== SOURCE MATERIAL

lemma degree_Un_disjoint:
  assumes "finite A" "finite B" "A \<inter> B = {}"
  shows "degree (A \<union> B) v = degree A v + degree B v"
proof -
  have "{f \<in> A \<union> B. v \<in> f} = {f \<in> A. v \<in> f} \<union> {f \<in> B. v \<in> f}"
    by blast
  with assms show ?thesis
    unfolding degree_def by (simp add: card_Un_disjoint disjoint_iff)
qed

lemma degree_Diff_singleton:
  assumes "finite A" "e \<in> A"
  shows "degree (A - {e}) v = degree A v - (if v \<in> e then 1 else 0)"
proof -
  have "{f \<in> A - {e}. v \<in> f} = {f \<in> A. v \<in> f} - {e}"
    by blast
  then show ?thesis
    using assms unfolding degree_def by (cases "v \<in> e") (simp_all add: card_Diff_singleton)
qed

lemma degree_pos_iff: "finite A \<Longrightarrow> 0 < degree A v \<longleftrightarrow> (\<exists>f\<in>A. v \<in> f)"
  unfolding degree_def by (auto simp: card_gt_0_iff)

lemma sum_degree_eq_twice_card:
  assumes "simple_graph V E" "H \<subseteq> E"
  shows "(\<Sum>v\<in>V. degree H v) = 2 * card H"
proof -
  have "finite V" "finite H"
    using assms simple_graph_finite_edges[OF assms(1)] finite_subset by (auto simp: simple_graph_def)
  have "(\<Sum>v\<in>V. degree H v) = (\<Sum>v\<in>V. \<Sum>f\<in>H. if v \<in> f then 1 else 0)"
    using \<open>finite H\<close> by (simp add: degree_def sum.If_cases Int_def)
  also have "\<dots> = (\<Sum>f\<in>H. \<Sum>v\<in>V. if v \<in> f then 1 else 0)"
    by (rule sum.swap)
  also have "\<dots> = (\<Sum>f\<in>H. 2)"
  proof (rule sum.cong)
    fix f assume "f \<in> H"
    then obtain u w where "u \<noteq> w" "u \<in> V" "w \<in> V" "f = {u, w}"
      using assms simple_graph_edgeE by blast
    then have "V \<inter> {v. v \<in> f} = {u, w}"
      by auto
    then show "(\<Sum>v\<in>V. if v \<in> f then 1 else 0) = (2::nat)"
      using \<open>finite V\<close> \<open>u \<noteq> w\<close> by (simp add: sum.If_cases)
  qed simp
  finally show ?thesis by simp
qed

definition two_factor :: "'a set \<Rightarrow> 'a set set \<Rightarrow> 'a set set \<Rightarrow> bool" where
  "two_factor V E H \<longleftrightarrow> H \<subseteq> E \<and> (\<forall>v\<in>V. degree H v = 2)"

====

--- PROBLEM TO SOLVE ---
Only the number should be given: the count of lines in the entries that contain the string "close".

--- EXERCISE SOLUTION ---
2